[vortex] Re: 3com 3c905c-txm

Jeff Garzik jgarzik@mandrakesoft.com
Sun, 14 May 2000 18:40:24 -0400


Donald Becker wrote:
> On Sat, 13 May 2000, Jeff Garzik wrote:
> > pathetic when you do this weekly if not daily on public mailing lists.
> > You're a CTO?  Really?

> [[ Wow.  Most people wouldn't be so foolish as to get into a
> titles/credentials/experience/been-there-done-that challenge with me. ]]
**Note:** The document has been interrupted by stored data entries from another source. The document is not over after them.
lemma riesz_representation:
  fixes f :: "'a::chilbert_space \<Rightarrow> complex"
  assumes add: "\<And>x y. f (x + y) = f x + f y" and scale: "\<And>c x. f (c *\<^sub>C x) = c * f x"
    and bound: "\<And>x. norm (f x) \<le> norm x * K"
  shows "\<exists>z. \<forall>x. f x = cinner z x"
proof (cases "\<forall>x. f x = 0")
  case True then show ?thesis by (intro exI[of _ 0]) simp
next
  case False
  then obtain y where y: "f y \<noteq> 0" by blast
  define Ker where "Ker = {x. f x = 0}"
  have "bounded_linear f"
  proof (rule bounded_linear_intro[where K=K])
    show "f (r *\<^sub>R x) = r *\<^sub>R f x" for r x
      using scale[of "complex_of_real r" x] by (simp add: scaleR_scaleC scaleR_conv_of_real)
  qed (use add bound in auto)
  then have f_diff: "f (a - b) = f a - f b" for a b
    by (simp add: linear_diff bounded_linear.linear)
  have "closed Ker" unfolding Ker_def
    by (intro closed_Collect_eq continuous_on_const linear_continuous_on \<open>bounded_linear f\<close>)
  moreover have "csubspace Ker"
    unfolding Ker_def csubspace_def using add scale f_diff[of 0 0] by simp
  ultimately obtain p where p: "p \<in> Ker" "\<And>k. k \<in> Ker \<Longrightarrow> cinner k (y - p) = 0"
    using csubspace_projection_exists by blast
  define w where "w = y - p"
  have fw: "f w = f y" using p(1) by (simp add: w_def Ker_def f_diff)
  then have "w \<noteq> 0" using y f_diff[of 0 0] by auto
  show ?thesis
  proof (intro exI allI)
    fix x
    have "f (f x *\<^sub>C w - f w *\<^sub>C x) = 0" by (simp add: f_diff scale)
    then have "cinner (f x *\<^sub>C w - f w *\<^sub>C x) w = 0" using p(2) by (simp add: Ker_def w_def)
    then have "cnj (f x) * cinner w w - cnj (f w) * cinner x w = 0"
      by (simp add: cinner_diff_left cinner_scaleC_left)
    then have "f x * cinner w w = f w * cinner w x"
      by (metis (no_types, lifting) cinner_commute complex_cnj_cnj complex_cnj_diff
          complex_cnj_mult complex_cnj_zero eq_iff_diff_eq_0)
    then show "f x = cinner ((cnj (f w) / complex_of_real ((norm w)\<^sup>2)) *\<^sub>C w) x"
      using \<open>w \<noteq> 0\<close> by (simp add: cinner_scaleC_left cinner_self field_simps)
  qed
qed

lemma adjoint_exists:
  fixes A :: "'a::chilbert_space \<Rightarrow> 'a"
  assumes A: "bounded_clinear A"
  shows "is_adjoint A (adjoint A)"
proof -
  obtain K where K: "K > 0" "\<forall>x. norm (A x) \<le> norm x * K"
    using bounded_clinear_pos_bound[OF A] by blast
  have "\<exists>z. \<forall>x. cinner y (A x) = cinner z x" for y
  proof (rule riesz_representation[where K="norm y * K"])
    show "norm (cinner y (A x)) \<le> norm x * (norm y * K)" for x
      using Cauchy_Schwarz[of y "A x"] K mult_left_mono[of "norm (A x)" "norm x * K" "norm y"]
      by (simp add: mult_ac)
  qed (simp_all add: linear_add[OF bounded_clinear_linear[OF A]] bounded_clinear_scaleC[OF A]
      cinner_add_right cinner_scaleC_right)
  then obtain B where "\<And>y x. cinner y (A x) = cinner (B y) x" by metis
  then have "is_adjoint A B" unfolding is_adjoint_def by (metis cinner_commute)
  then show ?thesis using adjoint_eqI by blast
qed

section \<open>Reducing subspaces of an irreducible operator\<close>

definition proj_onto :: "'a::chilbert_space set \<Rightarrow> 'a \<Rightarrow> 'a" where
  "proj_onto K x = (SOME p. p \<in> K \<and> (\<forall>k\<in>K. cinner k (x - p) = 0))"

context
  fixes K :: "'a::chilbert_space set"
  assumes closed: "closed K" and sub: "csubspace K"
begin

lemma proj_onto_in: "proj_onto K x \<in> K"
  and proj_onto_orthogonal: "k \<in> K \<Longrightarrow> cinner k (x - proj_onto K x) = 0"
proof -
  have "\<exists>p. p \<in> K \<and> (\<forall>k\<in>K. cinner k (x - p) = 0)"
    using csubspace_projection_exists[OF closed sub] by blast
  from someI_ex[OF this] show "proj_onto K x \<in> K" "k \<in> K \<Longrightarrow> cinner k (x - proj_onto K x) = 0"
    unfolding proj_onto_def by blast+
qed

lemma proj_onto_unique:
  assumes p: "p \<in> K" "\<And>k. k \<in> K \<Longrightarrow> cinner k (x - p) = 0"
  shows "proj_onto K x = p"
proof -
  let ?q = "proj_onto K x"
  have d: "p - ?q \<in> K" using csubspace_diff[OF sub p(1) proj_onto_in] .
  have "cinner (p - ?q) (p - ?q) = cinner (p - ?q) (x - ?q) - cinner (p - ?q) (x - p)"
    by (simp add: cinner_diff_right)
  also have "\<dots> = 0" using p(2)[OF d] proj_onto_orthogonal[OF d] by simp
  finally have "p - ?q = 0" using cinner_eq_zero_iff by blast
  then show ?thesis by simp
qed

lemma proj_onto_id: "k \<in> K \<Longrightarrow> proj_onto K k = k"
  by (rule proj_onto_unique) simp_all

lemma cinner_proj_onto: "cinner (proj_onto K x) y = cinner (proj_onto K x) (proj_onto K y)"
  using proj_onto_orthogonal[OF proj_onto_in, of x y] by (simp add: cinner_diff_right)

lemma orth_proj_proj_onto: "orth_proj (proj_onto K)"
proof -
  let ?P = "proj_onto K"
  have "?P (x + y) = ?P x + ?P y" for x y
  proof (rule proj_onto_unique)
    show "?P x + ?P y \<in> K" using sub proj_onto_in by (simp add: csubspace_def)
    fix k assume "k \<in> K"
    then show "cinner k (x + y - (?P x + ?P y)) = 0"
      using proj_onto_orthogonal[of k x] proj_onto_orthogonal[of k y]
      by (simp add: cinner_diff_right cinner_add_right)
  qed
  moreover have "?P (c *\<^sub>C x) = c *\<^sub>C ?P x" for c x
  proof (rule proj_onto_unique)
    show "c *\<^sub>C ?P x \<in> K" using sub proj_onto_in by (simp add: csubspace_def)
    fix k assume "k \<in> K"
    then show "cinner k (c *\<^sub>C x - c *\<^sub>C ?P x) = 0"
      using proj_onto_orthogonal[of k x]
      by (simp add: cinner_scaleC_right flip: scaleC_diff_right)
  qed
  moreover have "norm (?P x) \<le> norm x * 1" for x
  proof -
    have "(norm (?P x))\<^sup>2 = cmod (cinner (?P x) x)"
      by (simp add: cinner_proj_onto[of x x] cinner_self del: of_real_power)
    also have "\<dots> \<le> norm (?P x) * norm x" by (rule Cauchy_Schwarz)
    finally show ?thesis by (cases "?P x = 0") (auto simp: power2_eq_square)
  qed
  ultimately have "bounded_clinear ?P" by (rule bounded_clinearI)
  moreover have "is_adjoint ?P ?P"
    unfolding is_adjoint_def by (metis cinner_proj_onto cinner_commute)
  moreover have "?P \<circ> ?P = ?P"
    using proj_onto_in proj_onto_id by (simp add: fun_eq_iff)
  ultimately show ?thesis
    unfolding orth_proj_def using adjoint_eqI by blast
qed

lemma proj_onto_commute:
  assumes A: "bounded_clinear A" and adj: "is_adjoint A A'"
    and inv: "\<And>x. x \<in> K \<Longrightarrow> A x \<in> K" and inv': "\<And>x. x \<in> K \<Longrightarrow> A' x \<in> K"
  shows "proj_onto K (A x) = A (proj_onto K x)"
proof (rule proj_onto_unique)
  show "A (proj_onto K x) \<in> K" using inv proj_onto_in by blast
  fix k assume "k \<in> K"
  have "cinner k (A x - A (proj_onto K x)) = cnj (cinner (A (x - proj_onto K x)) k)"
    by (simp add: linear_diff[OF bounded_clinear_linear[OF A]] cinner_commute[of k])
  also have "\<dots> = cinner (A' k) (x - proj_onto K x)"
    by (simp add: is_adjointD[OF adj] cinner_commute[of _ "A' k"])
  also have "\<dots> = 0" using proj_onto_orthogonal inv' \<open>k \<in> K\<close> by blast
  finally show "cinner k (A x - A (proj_onto K x)) = 0" .
qed

end

lemma irreducible_reducing_subspace:
  fixes A :: "'a::chilbert_space \<Rightarrow> 'a"
  assumes irr: "irreducible_op A" and A: "bounded_clinear A" and adj: "is_adjoint A A'"
    and closed: "closed K" and sub: "csubspace K"
    and inv: "\<And>x. x \<in> K \<Longrightarrow> A x \<in> K" and inv': "\<And>x. x \<in> K \<Longrightarrow> A' x \<in> K"
  shows "K = {0} \<or> K = UNIV"
proof -
  let ?P = "proj_onto K"
  have "?P \<circ> A = A \<circ> ?P"
    using proj_onto_commute[OF closed sub A adj inv inv'] by auto
  then have "?P = (\<lambda>_. 0) \<or> ?P = id"
    using irr orth_proj_proj_onto[OF closed sub] unfolding irreducible_op_def by blast
  then show ?thesis
  proof
    assume "?P = (\<lambda>_. 0)"
    then have "k = 0" if "k \<in> K" for k using proj_onto_id[OF closed sub that] by simp
    then show ?thesis using sub by (auto simp: csubspace_def)
  next
    assume "?P = id"
    then have "x \<in> K" for x using proj_onto_in[OF closed sub, of x] by simp
    then show ?thesis by blast
  qed
qed

section \<open>Spectral subspaces of normal operators for discs\<close>

lemma log_convex_seq_growth:
  fixes g :: "nat \<Rightarrow> real"
  assumes nonneg: "\<And>n. g n \<ge> 0" and log_convex: "\<And>n. (g (Suc n))\<^sup>2 \<le> g n * g (Suc (Suc n))"
    and pos: "g k > 0" "r > 0" and ratio: "r * g k \<le> g (Suc k)"
  shows "r ^ m * g k \<le> g (k + m)"
proof -
  have step: "0 < g (k + m) \<and> r * g (k + m) \<le> g (Suc (k + m))" for m
  proof (induction m)
    case (Suc m)
    then have pos': "0 < g (Suc (k + m))" using pos(2) by (smt (verit) mult_pos_pos)
    have "g (k + m) * (r * g (Suc (k + m))) = (r * g (k + m)) * g (Suc (k + m))" by simp
    also have "\<dots> \<le> g (Suc (k + m)) * g (Suc (k + m))"
      using Suc nonneg by (simp add: mult_right_mono)
    also have "\<dots> \<le> g (k + m) * g (Suc (Suc (k + m)))"
      using log_convex by (simp add: power2_eq_square)
    finally show ?case using Suc pos' by (simp add: mult_le_cancel_left_pos)
  qed (use pos ratio in simp)
  show ?thesis
  proof (induction m)
    case (Suc m)
    have "r ^ Suc m * g k \<le> r * g (k + m)" using Suc pos(2) by (simp add: mult.assoc)
    also have "\<dots> \<le> g (k + Suc m)" using step[of m] by simp
    finally show ?case .
  qed simp
qed

text \<open>Once a ratio \<open>g (Suc k) / g k\<close> exceeds \<open>c\<close>, all later ratios do, which contradicts
  the growth bound.\<close>

lemma log_convex_seq_le_geometric:
  fixes g :: "nat \<Rightarrow> real"
  assumes nonneg: "\<And>n. g n \<ge> 0" and log_convex: "\<And>n. (g (Suc n))\<^sup>2 \<le> g n * g (Suc (Suc n))"
    and bound: "\<And>n. g n \<le> C * c ^ n" and "c \<ge> 0"
  shows "g n \<le> c ^ n * g 0"
proof (rule ccontr)
  assume "\<not> g n \<le> c ^ n * g 0"
  moreover have "g n \<le> c ^ n * g 0" if "\<And>k. g (Suc k) \<le> c * g k"
  proof (induction n)
    case (Suc n)
    then show ?case
      using that[of n] mult_left_mono[OF Suc \<open>c \<ge> 0\<close>] by (simp add: mult.assoc)
  qed simp
  ultimately obtain k where k: "g (Suc k) > c * g k" by (meson not_le)
  have "g k > 0"
  proof (rule ccontr)
    assume "\<not> g k > 0"
    then have "g k = 0" using nonneg[of k] by simp
    then have "g (Suc k) = 0" using log_convex[of k] by simp
    with k \<open>g k = 0\<close> show False by simp
  qed
  then have "c > 0"
    using k bound[of "Suc k"] \<open>c \<ge> 0\<close> by (cases "c = 0") auto
  define r where "r = g (Suc k) / g k"
  have "r > c" using k \<open>g k > 0\<close> by (simp add: r_def pos_less_divide_eq mult.commute)
  then obtain m where m: "C * c ^ k / g k < (r / c) ^ m"
    using real_arch_pow[of "r / c"] \<open>c > 0\<close> by auto
  have "r ^ m * g k \<le> C * c ^ (k + m)"
    using log_convex_seq_growth[OF nonneg log_convex \<open>g k > 0\<close>, of r m] bound[of "k + m"]
      \<open>r > c\<close> \<open>c > 0\<close> \<open>g k > 0\<close>
    by (simp add: r_def)
  then have "(r / c) ^ m \<le> C * c ^ k / g k"
    using \<open>c > 0\<close> \<open>g k > 0\<close> by (simp add: power_divide power_add field_simps)
  with m show False by simp
qed

lemma normal_norm_adjoint:
  fixes N :: "'a::complex_inner \<Rightarrow> 'a"
  assumes adj: "is_adjoint N N'" and comm: "\<And>x. N (N' x) = N' (N x)"
  shows "norm (N' v) = norm (N v)"
proof -
  have "cinner (N v) (N v) = cinner v (N (N' v))" using is_adjointD[OF adj] comm by simp
  also have "\<dots> = cnj (cinner (N' v) (N' v))"
    using is_adjointD[OF adj] cinner_commute by metis
  finally have "Re (cinner (N v) (N v)) = Re (cinner (N' v) (N' v))" by simp
  then show ?thesis by (simp add: Re_cinner_self power2_eq_iff_nonneg)
qed

text \<open>\<open>disc_space N c\<close> is the spectral subspace of a normal operator \<open>N\<close> for the disc of
  radius \<open>c\<close>, described without spectral theory.\<close>

definition disc_space :: "('a::complex_inner \<Rightarrow> 'a) \<Rightarrow> real \<Rightarrow> 'a set" where
  "disc_space N c = {x. \<forall>n. norm ((N ^^ n) x) \<le> c ^ n * norm x}"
It was an expression of surprise that a CTO with your credentials would
stoop to harping over the 2.3.x net driver situation on public mailing
lists:  three times in two days, in three different threads, at the time
I responded.

Donald, you are without question one of the sharpest people I've ever
met when it comes to x86 hardware and network hardware.  You also
without question have one of the biggest egos in the open source
community, which makes you incredibly hard to work with.

You have to realize that you cannot make all the design decisions for
the kernel.
You have to realize that sometimes you are wrong.
And you also have to realize that even if bad design decisions are made,
your actions and attitude are totally the wrong way to go about
reversing those decisions.


> > Informed people realize that:
> > * You are unable to maintain all the network drivers and keep up with
> > all network driver issues on a timely basis.  Simply unscalable.
> > * The nature of the Linux kernel cannot wait for you to update your
> > network drivers.
> 
> These two issues are tied together.  You are suggesting (and you are known
> to follow your own suggestion) shotgun approach of frequently making
> changes, and hoping one of the them will fix the problem.  People see
> change, and assume its progress.  Instead we end up with a series of broken
> drivers, each with a different set of bugs.

Sorry, you yourself have proven that the incremental approach is
superior to the "one big update with tons of changes" approach.  I won't
bother referencing examples from Linus and others.

You are also ignoring a concrete and real example:  the softnet
changes.  These were changes during a development cycle which required
updating network drivers.  Since you decry driver updates from others,
the only other possible solution for end users during an interface
change like that is to wait for you to update and test all the net
drivers.  Since that testing could take many months, users are left with
broken network drivers for many months (without independent updates).

To avoid having users with broken net drivers, and to avoid others
updating your own network drivers, the only solution to ever updating
the net driver API is to wait on you for all design decisions and
network driver implementations.  i.e. you control more and more of the
process.

Open source is about giving up control.  Letting others wisdom and
experience make your code even better.  Letting others test your
development-quality code.  Once of the best things about the open source
world and the Linux kernel is the quality and quantity of feedback.  You
just can't match that in private testing and designs of your own making.


> > * You are being a control freak if you (a) do not want the networking
> > API to change at all, or
> 
> I want the API to change, but only in carefully considered ways.
> 
> Interface changes are *expensive*.  Well, they are not expensive to you,
> since you make them without testing the results.  But every interface change
> takes days or weeks of my time to test the driver updates.

Interface changes are expensive, but since we are in a development
kernel series, it is openly stated that interfaces can and will change. 
The only holy grail is userland binary compatibility.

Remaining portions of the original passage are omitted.